# Work to complete
Determine how many of the lines below hold the word "fixes". Give the number and nothing else.

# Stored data
section \<open>Isomorphisms \<open>A(q) \<cong> A(p)\<close>\<close>

lemma det2_neq_zeroI:
  fixes m11 m12 m21 m22 :: "'k::field"
  assumes "\<And>u1 u2. u1 * m11 + u2 * m21 = 0 \<Longrightarrow> u1 * m12 + u2 * m22 = 0 \<Longrightarrow> u1 = 0 \<and> u2 = 0"
  shows "m11 * m22 - m12 * m21 \<noteq> 0"
proof
  assume "m11 * m22 - m12 * m21 = 0"
  then have "m21 = 0 \<and> m11 = 0" "m22 = 0 \<and> m12 = 0"
    using assms[of m21 "- m11"] assms[of m22 "- m12"] by (simp_all add: algebra_simps)
  then show False using assms[of 1 0] by simp
qed

text \<open>With \<open>M = (m\<^sub>i\<^sub>j)\<close> and \<open>N = (n\<^sub>i\<^sub>j)\<close> the matrices by which an isomorphism acts on
  \<open>(a, c)\<close> and \<open>(b, d)\<close> modulo longer paths, the hypotheses say that the images of the two
  relations of \<open>A(q)\<close> lie in the span of the relations of \<open>A(p)\<close>. Writing
  \<open>x = m\<^sub>1\<^sub>1 n\<^sub>1\<^sub>1 - m\<^sub>2\<^sub>1 n\<^sub>2\<^sub>1\<close> and \<open>y = n\<^sub>1\<^sub>1 m\<^sub>1\<^sub>1 - q n\<^sub>2\<^sub>1 m\<^sub>2\<^sub>1\<close>, one finds
  \<open>x\<^sup>2 = det M det N \<noteq> 0\<close>, \<open>x (1 + q) = y (1 + p)\<close> and \<open>q x\<^sup>2 = p y\<^sup>2\<close>; eliminating \<open>y\<close>
  gives \<open>(p - q)(p q - 1) = 0\<close>.\<close>

lemma relation_coeffs_imp_eq_or_inverse:
  fixes p q m11 m12 m21 m22 n11 n12 n21 n22 :: "'k::field"
  assumes e1: "m11 * n11 + m12 * n12 = m21 * n21 + m22 * n22"
    and e2: "m11 * n12 = m21 * n22" and e3: "m12 * n11 = m22 * n21"
    and e4: "p * (n11 * m11) + n12 * m12 = q * (p * (n21 * m21) + n22 * m22)"
    and e5: "n11 * m12 = q * (n21 * m22)" and e6: "n12 * m11 = q * (n22 * m21)"
    and det_M: "m11 * m22 - m12 * m21 \<noteq> 0" and det_N: "n11 * n22 - n12 * n21 \<noteq> 0"
    and "q \<noteq> 0"
  shows "p = q \<or> p = inverse q"
proof -
  define x where "x = m11 * n11 - m21 * n21"
  define y where "y = n11 * m11 - q * n21 * m21"
  define dm where "dm = m11 * m22 - m12 * m21"
  define dn where "dn = n11 * n22 - n12 * n21"
  have x2: "m12 * n12 - m22 * n22 = - x"
    using e1 unfolding x_def by (simp add: algebra_simps)
  have y2: "n12 * m12 - q * n22 * m22 = - p * y"
    using e4 unfolding y_def by (simp add: algebra_simps)
  have "x * x = dm * dn"
    using e2 e3 x2 unfolding x_def dm_def dn_def by Groebner_Basis.algebra
  then have "x \<noteq> 0"
    using det_M det_N by (auto simp: dm_def dn_def)
  have "dm * (x * (1 + q) - y * (1 + p)) = 0"
    using e1 e2 e3 e4 e5 e6 x2 y2 unfolding x_def y_def dm_def by Groebner_Basis.algebra
  then have xy: "x * (1 + q) = y * (1 + p)"
    using det_M by (simp add: dm_def)
  have "dm * dm * (q * x * x - p * y * y) = 0"
    using e1 e2 e3 e4 e5 e6 x2 y2 unfolding x_def y_def dm_def by Groebner_Basis.algebra
  then have xy2: "q * x * x = p * y * y"
    using det_M by (simp add: dm_def)
  have "x * x * ((p - q) * (p * q - 1)) =
      (q * x * x) * (1 + p) * (1 + p) - p * ((x * (1 + q)) * (x * (1 + q)))"
    by Groebner_Basis.algebra
  also have "\<dots> = (p * y * y) * (1 + p) * (1 + p) - p * ((y * (1 + p)) * (y * (1 + p)))"
    by (simp only: xy xy2)
  also have "\<dots> = 0" by Groebner_Basis.algebra
  finally have "(p - q) * (p * q - 1) = 0"
    using \<open>x \<noteq> 0\<close> by simp
  then have "p = q \<or> p * q = 1"
    by (simp only: mult_eq_0_iff right_minus_eq)
  then show ?thesis
    using \<open>q \<noteq> 0\<close> by (auto simp: field_simps)
qed

locale A_alg_iso =
  fixes q p :: "'k::field" and \<Phi> :: "(path \<Rightarrow> 'k) set \<Rightarrow> (path \<Rightarrow> 'k) set"
  assumes iso: "\<Phi> \<in> ring_iso (A_alg q) (A_alg p)"
    and preserves_scalars: "\<And>c. \<Phi> (A_scalar q c) = A_scalar p c"

lemma A_iso_iff_A_alg_iso: "A_iso q p \<longleftrightarrow> (\<exists>\<Phi>. A_alg_iso q p \<Phi>)"
  by (auto simp: A_iso_def A_alg_iso_def)

context A_alg_iso
begin

definition img_rep :: "(path \<Rightarrow> 'k) set \<Rightarrow> path \<Rightarrow> 'k" where
  "img_rep X = rep (\<Phi> X)"

abbreviation Ev :: "vert \<Rightarrow> (path \<Rightarrow> 'k) set" where "Ev v \<equiv> cls q (vtx v)"
abbreviation Ar :: "arr \<Rightarrow> (path \<Rightarrow> 'k) set" where "Ar x \<equiv> cls q (arw x)"

lemma Ev_closed: "Ev v \<in> carrier (A_alg q)"
  by (rule cls_closed[OF vtx_carrier])

lemma Ar_closed: "Ar x \<in> carrier (A_alg q)"
  by (rule cls_closed[OF arw_carrier])

lemma ring_hom_Phi: "\<Phi> \<in> ring_hom (A_alg q) (A_alg p)"
  using iso by (simp add: ring_iso_def)

lemma img_rep_closed: "X \<in> carrier (A_alg q) \<Longrightarrow> img_rep X \<in> carrier path_algebra"
  unfolding img_rep_def by (rule rep_closed[OF ring_hom_closed[OF ring_hom_Phi]])

lemma valid_path_img_rep: "X \<in> carrier (A_alg q) \<Longrightarrow> img_rep X r \<noteq> 0 \<Longrightarrow> valid_path r"
  using img_rep_closed by (auto simp: carrier_path_algebra simp del: split_paired_All)

lemma Phi_eq_cls_img_rep: "X \<in> carrier (A_alg q) \<Longrightarrow> \<Phi> X = cls p (img_rep X)"
  unfolding img_rep_def by (rule cls_rep[OF ring_hom_closed[OF ring_hom_Phi], symmetric])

# Finished task
3